Carbamoylcholine uptake by mouse kidney slices was studied. The slices were incubated in Krebs‐Ringer bicarbonate medium (37°, pH 7.4) containing ¹⁴C‐carbamoylcholine, and the ¹⁴C‐slice‐to‐medium (S/M) concentration ratio was measured. Carbamoylcholine (2μM) was rapidly accumulated in oxygen‐carbon dioxide (95:5) atmosphere, and a steady state with S/M ratio around 10 was obtained within 1/2 hr. The radioactive material extracted corresponded chromatographically to authentic carbamoylcholine. The S/M ratio was significantly reduced in the presence of metabolic inhibitors or various quaternary and tertiary amines. In nitrogen‐carbon dioxide (95:5) atmosphere the S/M ratio (2μM) reached a constant value around 1 within 1/2 hr. Incubation at 19° markedly depressed the 3 min. S/M ratio, but increased the steady state S/M ratio (1 hr). Under anaerobic conditions carbamoylcholine uptake (mmol/kg tissue; 1 hr incubation) was directly proportional to the external carbamoylcholine concentration.
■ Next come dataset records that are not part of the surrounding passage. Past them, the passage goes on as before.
lemma laplace_strict_decreasing:
  assumes "0 \<le> x" "x < y" "laplace y \<noteq> 0"
  shows "laplace y < laplace x"
proof (rule ccontr)
  assume "\<not> laplace y < laplace x"
  have le: "damped y a \<le> damped x a" for a
    using assms by (auto simp: damped_def indicator_def nonneg_h intro!: mult_left_mono mult_right_mono)
  have ix: "integrable lborel (damped x)" and iy: "integrable lborel (damped y)"
    using integrable_damped assms by auto
  have "(LINT a|lborel. damped x a - damped y a) = laplace x - laplace y"
    unfolding laplace_def using ix iy by simp
  moreover have "(LINT a|lborel. damped x a - damped y a) \<ge> 0"
    using le by (intro integral_nonneg_AE) auto
  ultimately have "(LINT a|lborel. damped x a - damped y a) = 0"
    using \<open>\<not> laplace y < laplace x\<close> by linarith
  then have "AE a in lborel. damped x a - damped y a = 0"
    using ix iy le by (subst (asm) integral_nonneg_eq_0_iff_AE) auto
  then have "AE a in lborel. damped y a = 0"
    using AE_lborel_singleton[of 0]
  proof eventually_elim
    case (elim a)
    show ?case
    proof (cases "a > 0")
      case True
      then have "exp (- y * a) < exp (- x * a)" using assms by simp
      moreover have "h a * exp (- x * a) = h a * exp (- y * a)"
        using elim True by (simp add: damped_def)
      ultimately have "h a = 0" by auto
      then show ?thesis by (simp add: damped_def)
    next
      case False
      with elim show ?thesis by (simp add: damped_def)
    qed
  qed
  then have "laplace y = 0" unfolding laplace_def by (rule integral_eq_zero_AE)
  with assms show False by simp
qed

lemma laplace_unique_root_le:
  assumes "laplace 0 > 1" "\<mu> \<ge> 0" "laplace \<mu> \<le> 1"
  obtains x where "0 < x" "x \<le> \<mu>" "laplace x = 1" "\<And>y. 0 < y \<Longrightarrow> laplace y = 1 \<Longrightarrow> y = x"
proof -
  have "continuous_on {0..\<mu>} laplace"
    using continuous_on_laplace by (rule continuous_on_subset) auto
  with assms have "\<exists>x. 0 \<le> x \<and> x \<le> \<mu> \<and> laplace x = 1"
    by (intro IVT2') simp_all
  then obtain x where x: "0 \<le> x" "x \<le> \<mu>" "laplace x = 1"
    by blast
  with assms(1) have pos: "0 < x"
    by (cases "x = 0") simp_all
  have unique: "y = x" if y: "0 < y" "laplace y = 1" for y
  proof (rule ccontr)
    assume "y \<noteq> x"
    then consider "y < x" | "x < y" by linarith
    then show False
    proof cases
      case 1
      with y x show False using laplace_strict_decreasing[of y x] by simp
    next
      case 2
      with y x show False using laplace_strict_decreasing[of x y] by simp
    qed
  qed
  show ?thesis
    using pos x(2,3) unique by (rule that)
qed

end

lemma Nstar_le:
  assumes "set_borel_measurable lborel {0..} b" "\<And>a. a \<ge> 0 \<Longrightarrow> b a \<ge> 0"
    and "I0 (\<lambda>a. b a * surv k a) < \<infinity>"
    and "c > 0" "\<mu> \<ge> 0" "I0 (\<lambda>a. b a * surv k a * exp (- \<mu> * a)) \<le> 1"
  shows "Nstar k b c \<le> \<mu> / c"
proof -
  interpret finite_halfline_integral "\<lambda>a. b a * surv k a"
    using assms(1-3) by unfold_locales
      (auto simp: set_borel_measurable_mult_surv surv_nonneg)
  show ?thesis
  proof (cases "I0 (\<lambda>a. b a * surv k a) > 1")
    case False
    with assms show ?thesis by (simp add: Nstar_def)
  next
    case True
    have "laplace 0 > 1"
      using True I0_damped_eq_laplace[of 0] by (simp add: ennreal_less_iff)
    moreover have "laplace \<mu> \<le> 1"
      using assms(5,6) I0_damped_eq_laplace[of \<mu>] by simp
    ultimately obtain x where x: "0 < x" "x \<le> \<mu>" "laplace x = 1"
        and unique: "\<And>y. 0 < y \<Longrightarrow> laplace y = 1 \<Longrightarrow> y = x"
      using laplace_unique_root_le[OF _ assms(5)] by blast
    have "(THE \<mu>0. \<mu>0 > 0 \<and> I0 (\<lambda>a. b a * surv k a * exp (- \<mu>0 * a)) = 1) = x"
    proof (rule the_equality)
      show "x > 0 \<and> I0 (\<lambda>a. b a * surv k a * exp (- x * a)) = 1"
        using x I0_damped_eq_laplace[of x] by simp
    next
      fix y
      assume y: "y > 0 \<and> I0 (\<lambda>a. b a * surv k a * exp (- y * a)) = 1"
      then have "laplace y = 1"
        using I0_damped_eq_laplace[of y] by simp
      with y show "y = x"
        using unique[of y] by simp
    qed
    with True x assms(4) show ?thesis
      by (simp add: Nstar_def divide_right_mono)
  qed
qed

theorem corollary1:
  fixes k d b bt :: "real \<Rightarrow> real"
    and \<eta>1 \<eta>2 c1 c2 ct1 ct2 N1 N2 :: real
  assumes meas: "set_borel_measurable lborel {0..} k" "set_borel_measurable lborel {0..} d"
      "set_borel_measurable lborel {0..} b" "set_borel_measurable lborel {0..} bt"
    and nonneg: "\<forall>a\<ge>0. k a \<ge> 0 \<and> d a \<ge> 0 \<and> b a \<ge> 0 \<and> bt a \<ge> 0"
    and k_inf: "I0 k = \<infinity>" and d_inf: "I0 d = \<infinity>"
    and R_gt: "1 < I0 (\<lambda>a. b a * surv k a + bt a * surv d a)"
    and R_fin: "I0 (\<lambda>a. b a * surv k a + bt a * surv d a) < \<infinity>"
    and coeffs: "\<eta>1 \<ge> 0" "\<eta>2 \<ge> 0" "c1 \<ge> 0" "c2 \<ge> 0" "ct1 \<ge> 0" "ct2 \<ge> 0"
    and ctot1_pos: "\<eta>1 + c1 > 0"
    and ct2_pos: "ct2 > 0"
    and ctot_ge: "\<eta>1 + c1 \<ge> \<eta>2 + c2"
    and N_nonneg: "N1 \<ge> 0" "N2 \<ge> 0"
    and eq1: "I0 (\<lambda>a. bt a * surv d a * exp (- (ct1 * N1 + ct2 * N2) * a))
              * I0 (\<lambda>a. (k a + (\<eta>1 * N1 + \<eta>2 * N2)) * surv k a
                         * exp (- ((\<eta>1 + c1) * N1 + (\<eta>2 + c2) * N2) * a))
              + I0 (\<lambda>a. b a * surv k a * exp (- ((\<eta>1 + c1) * N1 + (\<eta>2 + c2) * N2) * a)) = 1"
    and eq2: "ennreal N1 * I0 (\<lambda>a. surv d a * exp (- (ct1 * N1 + ct2 * N2) * a))
              * I0 (\<lambda>a. (k a + (\<eta>1 * N1 + \<eta>2 * N2)) * surv k a
                         * exp (- ((\<eta>1 + c1) * N1 + (\<eta>2 + c2) * N2) * a))
              = ennreal N2 * I0 (\<lambda>a. surv k a * exp (- ((\<eta>1 + c1) * N1 + (\<eta>2 + c2) * N2) * a))"
  shows "N1 + N2 \<ge> Nstar k b (\<eta>1 + c1)"
proof -
  define \<mu> where "\<mu> = (\<eta>1 + c1) * N1 + (\<eta>2 + c2) * N2"
  have "\<mu> \<ge> 0" unfolding \<mu>_def using coeffs N_nonneg by simp
  have "\<mu> \<le> (\<eta>1 + c1) * (N1 + N2)"
    unfolding \<mu>_def using ctot_ge N_nonneg by (simp add: distrib_left mult_right_mono)
  have "I0 (\<lambda>a. b a * surv k a) \<le> I0 (\<lambda>a. b a * surv k a + bt a * surv d a)"
    using nonneg surv_nonneg by (intro I0_mono) simp
  then have finite: "I0 (\<lambda>a. b a * surv k a) < \<infinity>"
    using R_fin by (rule le_less_trans)
  obtain P where "P + I0 (\<lambda>a. b a * surv k a * exp (- \<mu> * a)) = 1"
    using eq1[folded \<mu>_def] by blast
  then have "I0 (\<lambda>a. b a * surv k a * exp (- \<mu> * a)) \<le> 1"
    by (metis add.commute le_iff_add)
  then have "Nstar k b (\<eta>1 + c1) \<le> \<mu> / (\<eta>1 + c1)"
    using nonneg by (intro Nstar_le[OF meas(3) _ finite ctot1_pos \<open>\<mu> \<ge> 0\<close>]) simp_all
  also have "\<dots> \<le> N1 + N2"
    using \<open>\<mu> \<le> (\<eta>1 + c1) * (N1 + N2)\<close> ctot1_pos by (simp add: divide_le_eq mult.commute)
  finally show ?thesis .
qed

end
The aerobic uptake consisted of two components: a saturable one (maximum capacity 7 mM/kg; half saturation concentration 700 μM) and another one that increased proportionally with the external concentration. It is concluded that carbamoylcholine is taken up against a concentration gradient by a saturable, energy dependent process which is inhibited by structural analogues.